They both nodded. Frost said, “It was always thus with the ones the ring chose.”
“But Mistral and I are not looking at each other that way.”
“You did not see his face afterwards,” Doyle said. “I did.”
“As did I,” Frost said.
I waved it away. “I was the first sex he’s had in centuries. And it was magical sex, power-driven sex. That is heady stuff. Any man would look at me that way, but it was lust, not love.”
Frost frowned at me. Doyle just stared as if his emotions had emptied him.
“I certainly don’t feel that way about Mistral.”

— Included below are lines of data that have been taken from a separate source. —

(* Let $\gamma\in\mathcal{M}_k\otimes\mathcal{M}_k$ be a nonzero state whose image is contained in the anti-symmetric subspace of $\mathbb{C}^k\otimes\mathbb{C}^k$. Then $\gamma^\Gamma\not\ge0$, $\mathcal{R}(\gamma^\Gamma)\not\ge0$, and $\mathcal{R}(\gamma)\neq\gamma$.
   Context: $\mathcal{M}_k$ denotes complex $k\times k$ matrices; $\mathcal{M}_k\otimes\mathcal{M}_k\cong\mathcal{M}_{k^2}$ via the Kronecker product. A state is a positive semidefinite Hermitian matrix (not necessarily of trace one). The anti-symmetric subspace of $\mathbb{C}^k\otimes\mathbb{C}^k$ is $\{x:F_kx=-x\}$, where $F_k(v\otimes w)=w\otimes v$. Partial transpose: $(\sum_iA_i\otimes B_i)^\Gamma=\sum_iA_i\otimes B_i^t$. Realignment on $\mathcal{M}_k\otimes\mathcal{M}_k$: identify $\mathcal{M}_k$ with $\mathbb{C}^k\otimes\mathbb{C}^k$ via $\mathrm{vec}(vw^t)=v\otimes w$ (extended linearly), and set $\mathcal{R}(A\otimes B)=\mathrm{vec}(A)\mathrm{vec}(B)^t$, extended linearly. *)

theory Defs
  imports "HOL-Analysis.Analysis"
begin

text \<open>Matrices in M_k (x) M_k = M_{k^2} are represented as complex matrices indexed by
  pairs (i,j) of the finite type 'k, with the Kronecker convention
  (A (x) B) $ (i,j) $ (k,l) = A $ i $ k * B $ j $ l; vectors of C^k (x) C^k likewise
  satisfy (v (x) w) $ (i,j) = v $ i * w $ j.\<close>

type_synonym 'k bimat = "complex ^ ('k \<times> 'k) ^ ('k \<times> 'k)"
type_synonym 'k bivec = "complex ^ ('k \<times> 'k)"

definition hermitian_mat :: "complex ^ 'n ^ 'n \<Rightarrow> bool" where
  "hermitian_mat A \<longleftrightarrow> (\<forall>i j. A $ i $ j = cnj (A $ j $ i))"

text \<open>Positive semidefinite (a "state" in the paper's sense, trace not normalised):
  Hermitian and x^* A x is a nonnegative real for every x.\<close>
definition psd :: "complex ^ ('n::finite) ^ 'n \<Rightarrow> bool" where
  "psd A \<longleftrightarrow> hermitian_mat A \<and>
     (\<forall>x :: complex ^ 'n. let q = (\<Sum>i\<in>UNIV. cnj (x $ i) * (A *v x) $ i)
                           in Im q = 0 \<and> Re q \<ge> 0)"

definition flip :: "('k::finite) bivec \<Rightarrow> 'k bivec" where
  "flip v = (\<chi> p. v $ (snd p, fst p))"

definition antisym_subspace :: "('k::finite) bivec set" where
  "antisym_subspace = {x. flip x = - x}"

text \<open>Partial transpose: (A (x) B)^Gamma = A (x) B^t, i.e. entry ((i,j),(k,l)) of
  gamma^Gamma is entry ((i,l),(k,j)) of gamma.\<close>
definition partial_transpose :: "('k::finite) bimat \<Rightarrow> 'k bimat" where
  "partial_transpose g = (\<chi> p q. g $ (fst p, snd q) $ (fst q, snd p))"

text \<open>Realignment: R(A (x) B) = vec(A) vec(B)^t with vec(A) $ (i,j) = A $ i $ j, i.e.
  entry ((i,j),(k,l)) of R(gamma) is entry ((i,k),(j,l)) of gamma.\<close>
definition realign :: "('k::finite) bimat \<Rightarrow> 'k bimat" where
  "realign g = (\<chi> p q. g $ (fst p, fst q) $ (snd p, snd q))"

end

theory Submission
  imports Defs
begin

text \<open>Testing \<open>\<gamma>\<close> on basis vectors, the range condition says that \<open>\<gamma>\<close> changes sign
  when the two tensor factors of its row index are swapped; by Hermiticity the same holds for
  the column index. A nonzero state has positive trace, and each claim contradicts this by a
  trace computation: the expectation of \<open>\<gamma>\<^sup>\<Gamma>\<close> in the (unnormalised) maximally
  entangled vector \<open>\<Sum>\<^sub>i e\<^sub>i \<otimes> e\<^sub>i\<close> is \<open>-tr \<gamma>\<close>, the diagonal of
  \<open>R(\<gamma>\<^sup>\<Gamma>)\<close> is minus that of \<open>\<gamma>\<close>, and the diagonal of \<open>R(\<gamma>)\<close> consists of
  entries \<open>\<gamma>\<close> at row index \<open>(i, i)\<close>, which vanish.\<close>

lemma sum_UNIV_pair: "(\<Sum>p\<in>UNIV. f p) = (\<Sum>i\<in>UNIV. \<Sum>j\<in>UNIV. f (i, j))"
  by (simp only: UNIV_Times_UNIV[symmetric] sum.cartesian_product) simp

lemma matrix_vector_mult_axis: "(A *v axis q 1) $ p = (A $ p $ q :: 'a::comm_semiring_1)"
  by (simp add: matrix_vector_mult_def axis_def if_distrib[of "(*) _"] cong: if_cong)

lemma sum_UNIV_two_points:
  fixes f :: "'n::finite \<Rightarrow> 'a::comm_monoid_add"
  assumes "p \<noteq> q" and "\<And>i. i \<noteq> p \<Longrightarrow> i \<noteq> q \<Longrightarrow> f i = 0"
  shows "(\<Sum>i\<in>UNIV. f i) = f p + f q"
proof -
  have "(\<Sum>i\<in>UNIV. f i) = (\<Sum>i\<in>{p, q}. f i)"
    by (rule sum.mono_neutral_right) (use assms in auto)
  then show ?thesis
    using assms(1) by simp
qed

lemma psd_hermitian: "psd A \<Longrightarrow> A $ i $ j = cnj (A $ j $ i)"
  unfolding psd_def hermitian_mat_def by blast

lemma psd_expectation_nonneg:
  "psd A \<Longrightarrow> 0 \<le> Re (\<Sum>i\<in>UNIV. cnj (x $ i) * (A *v x) $ i)"
  unfolding psd_def Let_def by blast

lemma psd_diag_nonneg:
  assumes "psd A"
  shows "0 \<le> Re (A $ p $ p)"
proof -
  have "(\<Sum>i\<in>UNIV. cnj (axis p 1 $ i) * (A *v axis p 1) $ i) = A $ p $ p"
    by (simp only: matrix_vector_mult_axis)
      (simp add: axis_def if_distrib[of cnj] if_distrib[of "\<lambda>c. c * _"] cong: if_cong)
  then show ?thesis
    using psd_expectation_nonneg[OF assms, of "axis p 1"] by simp
qed

lemma psd_diag_real: "psd A \<Longrightarrow> Im (A $ p $ p) = 0"
  using psd_hermitian[of A p p] by (simp add: complex_eq_iff)

lemma psd_trace_nonneg: "psd A \<Longrightarrow> 0 \<le> Re (trace A)"
  unfolding trace_def Re_sum by (simp add: sum_nonneg psd_diag_nonneg)

lemma psd_zero_diag_imp_zero_entry:
  fixes A :: "complex ^ ('n::finite) ^ 'n"
  assumes "psd A" "A $ p $ p = 0" "A $ q $ q = 0" "p \<noteq> q"
  shows "A $ p $ q = 0"
proof -
  \<comment> \<open>test vector \<open>-a e\<^sub>p + e\<^sub>q\<close>: its expectation is \<open>-2|a|\<^sup>2\<close>\<close>
  define a where "a = A $ p $ q"
  define x :: "complex ^ 'n" where "x = (\<chi> r. if r = p then - a else if r = q then 1 else 0)"
  have Ax: "(A *v x) $ i = A $ i $ q - a * A $ i $ p" for i
    unfolding matrix_vector_mult_def
    using assms(4) by (subst sum_UNIV_two_points[OF assms(4)]) (auto simp: x_def)
  have "(\<Sum>i\<in>UNIV. cnj (x $ i) * (A *v x) $ i)
      = cnj (x $ p) * (A *v x) $ p + cnj (x $ q) * (A *v x) $ q"
    by (rule sum_UNIV_two_points[OF assms(4)]) (simp add: x_def)
  also have "\<dots> = - cnj a * a - a * cnj a"
    unfolding Ax using assms psd_hermitian[OF assms(1), of q p] by (simp add: x_def a_def)
  also have "\<dots> = - 2 * of_real ((cmod a)\<^sup>2)"
    by (simp only: complex_norm_square mult.commute[of "cnj a"]) (simp add: algebra_simps)
  finally have "(cmod a)\<^sup>2 \<le> 0"
    using psd_expectation_nonneg[OF assms(1), of x] by simp
  then show ?thesis
    unfolding a_def by simp
qed

lemma psd_trace_pos:
  fixes A :: "complex ^ ('n::finite) ^ 'n"
  assumes "psd A" "A \<noteq> 0"
  shows "0 < Re (trace A)"
proof (rule ccontr)
  assume "\<not> 0 < Re (trace A)"
  then have "(\<Sum>p\<in>UNIV. Re (A $ p $ p)) = 0"
    using psd_trace_nonneg[OF assms(1)] unfolding trace_def Re_sum by linarith
  then have "Re (A $ p $ p) = 0" for p
    using sum_nonneg_eq_0_iff[of UNIV "\<lambda>p. Re (A $ p $ p)"] psd_diag_nonneg[OF assms(1)]
    by simp
  then have diag: "A $ p $ p = 0" for p
    using psd_diag_real[OF assms(1)] complex_eq_iff by simp
  have "A $ p $ q = 0" for p q
    using diag psd_zero_diag_imp_zero_entry[OF assms(1)] by (cases "p = q") auto
  then have "A = 0"
    by (simp add: vec_eq_iff)
  with assms(2) show False ..
qed

lemma antisym_subspace_entry:
  assumes "x \<in> antisym_subspace"
  shows "x $ (j, i) = - x $ (i, j)"
proof -
  have "flip x $ (i, j) = (- x) $ (i, j)"
    using assms unfolding antisym_subspace_def by simp
  then show ?thesis
    unfolding flip_def by simp
qed

lemma range_antisym_imp_row_index_antisym:
  assumes "\<forall>x. A *v x \<in> antisym_subspace"
  shows "A $ (j, i) $ q = - A $ (i, j) $ q"
  using antisym_subspace_entry[OF spec[OF assms, of "axis q 1"]]
  unfolding matrix_vector_mult_axis .

lemma hermitian_row_index_antisym_imp_col_index_antisym:
  assumes "hermitian_mat A" and "\<And>i j q. A $ (j, i) $ q = - A $ (i, j) $ q"
  shows "A $ p $ (l, k) = - A $ p $ (k, l)"
proof -
  have "A $ p $ (l, k) = cnj (A $ (l, k) $ p)"
    using assms(1) unfolding hermitian_mat_def by blast
  also have "\<dots> = - cnj (A $ (k, l) $ p)"
    by (simp add: assms(2)[of l k])
  also have "\<dots> = - A $ p $ (k, l)"
    using assms(1) unfolding hermitian_mat_def by (metis complex_cnj_cnj)
  finally show ?thesis .
qed

definition max_entangled :: "('k::finite) bivec" where
  "max_entangled = (\<chi> p. if fst p = snd p then 1 else 0)"

lemma partial_transpose_mult_max_entangled:
  "(partial_transpose A *v max_entangled) $ (i, j) = (\<Sum>k\<in>UNIV. A $ (i, k) $ (k, j))"
  unfolding matrix_vector_mult_def partial_transpose_def max_entangled_def
  by (subst sum_UNIV_pair) (simp add: if_distrib[of "(*) _"] cong: if_cong)

lemma partial_transpose_expectation_max_entangled:
  "(\<Sum>p\<in>UNIV. cnj (max_entangled $ p) * (partial_transpose A *v max_entangled) $ p)
     = (\<Sum>i\<in>UNIV. \<Sum>k\<in>UNIV. A $ (i, k) $ (k, i))"
  by (subst sum_UNIV_pair)
    (simp only: partial_transpose_mult_max_entangled,
     simp add: max_entangled_def if_distrib[of cnj]
      if_distrib[of "\<lambda>c. c * _"] cong: if_cong)

lemma trace_realign_row_index_antisym:
  assumes "\<And>i j q. A $ (j, i) $ q = - A $ (i, j) $ q"
  shows "trace (realign A) = 0"
proof -
  have "A $ (i, i) $ q = 0" for i q
    using assms[of i i q] by simp
  then show ?thesis
    unfolding trace_def realign_def by simp
qed

lemma trace_realign_partial_transpose_col_index_antisym:
  assumes "\<And>p k l. A $ p $ (l, k) = - A $ p $ (k, l)"
  shows "trace (realign (partial_transpose A)) = - trace A"
proof -
  have "A $ (fst p, snd p) $ (snd p, fst p) = - A $ p $ p" for p
    by (simp add: assms)
  then show ?thesis
    unfolding trace_def realign_def partial_transpose_def by (simp add: sum_negf)
qed

lemma partial_transpose_expectation_max_entangled_col_index_antisym:
  assumes "\<And>p k l. A $ p $ (l, k) = - A $ p $ (k, l)"
  shows "(\<Sum>p\<in>UNIV. cnj (max_entangled $ p) * (partial_transpose A *v max_entangled) $ p)
     = - trace A"
proof -
  have "A $ (i, k) $ (k, i) = - A $ (i, k) $ (i, k)" for i k
    by (rule assms)
  then show ?thesis
    unfolding partial_transpose_expectation_max_entangled trace_def
    by (subst sum_UNIV_pair) (simp add: sum_negf)
qed

theorem mainTheorem17:
  fixes \<gamma> :: "('k::finite) bimat"
  assumes "psd \<gamma>"
    and "\<gamma> \<noteq> 0"
    and "\<forall>x. \<gamma> *v x \<in> antisym_subspace"
  shows "\<not> psd (partial_transpose \<gamma>) \<and> \<not> psd (realign (partial_transpose \<gamma>)) \<and> realign \<gamma> \<noteq> \<gamma>"
proof -
  have row_index: "\<And>i j q. \<gamma> $ (j, i) $ q = - \<gamma> $ (i, j) $ q"
    using assms(3) by (rule range_antisym_imp_row_index_antisym)
  have col_index: "\<And>p k l. \<gamma> $ p $ (l, k) = - \<gamma> $ p $ (k, l)"
    using assms(1) row_index unfolding psd_def
    by (blast intro: hermitian_row_index_antisym_imp_col_index_antisym)
  have pos: "0 < Re (trace \<gamma>)"
    using assms(1,2) by (rule psd_trace_pos)
  have "\<not> psd (partial_transpose \<gamma>)"
    using psd_expectation_nonneg[of "partial_transpose \<gamma>" max_entangled] pos
    by (auto simp: partial_transpose_expectation_max_entangled_col_index_antisym[OF col_index])
  moreover have "\<not> psd (realign (partial_transpose \<gamma>))"
    using psd_trace_nonneg[of "realign (partial_transpose \<gamma>)"] pos
    by (auto simp: trace_realign_partial_transpose_col_index_antisym[OF col_index])
  moreover have "realign \<gamma> \<noteq> \<gamma>"
    using trace_realign_row_index_antisym[OF row_index] pos by auto
  ultimately show ?thesis
    by blast
qed

end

Frost looked positively suspicious. “You do not, truly?”
I shook my head. “If the ring had chosen him, then I’d be in love with him, right?”
Frost nodded.
“I do not feel that way about Mistral.”
“How can you not want what we saw in the hallway?” Doyle asked, in a voice that had gone almost empty of emotion, as if it had all been too much for him.
“It was great, but has it occurred to either of you that maybe the sex was that magical because it is the first time I have had sex inside faerie while wearing the ring?”
Doyle blinked and tried to focus. I watched him fighting off the despair that was trying to numb him. Frost spoke for them both. “You have had sex inside faerie with one of us, surely.”
I shook my head. “I do not believe so, and if I have, I wasn’t wearing the ring. Even in Los Angeles, I often didn’t wear the ring during sex.”
“Because the power was too unpredictable,” Doyle said. He looked up at me. “Were we fools to lock it away?”
The ring on my finger pulsed once, as if squeezing my hand. I swallowed hard and nodded. “The ring thinks so.”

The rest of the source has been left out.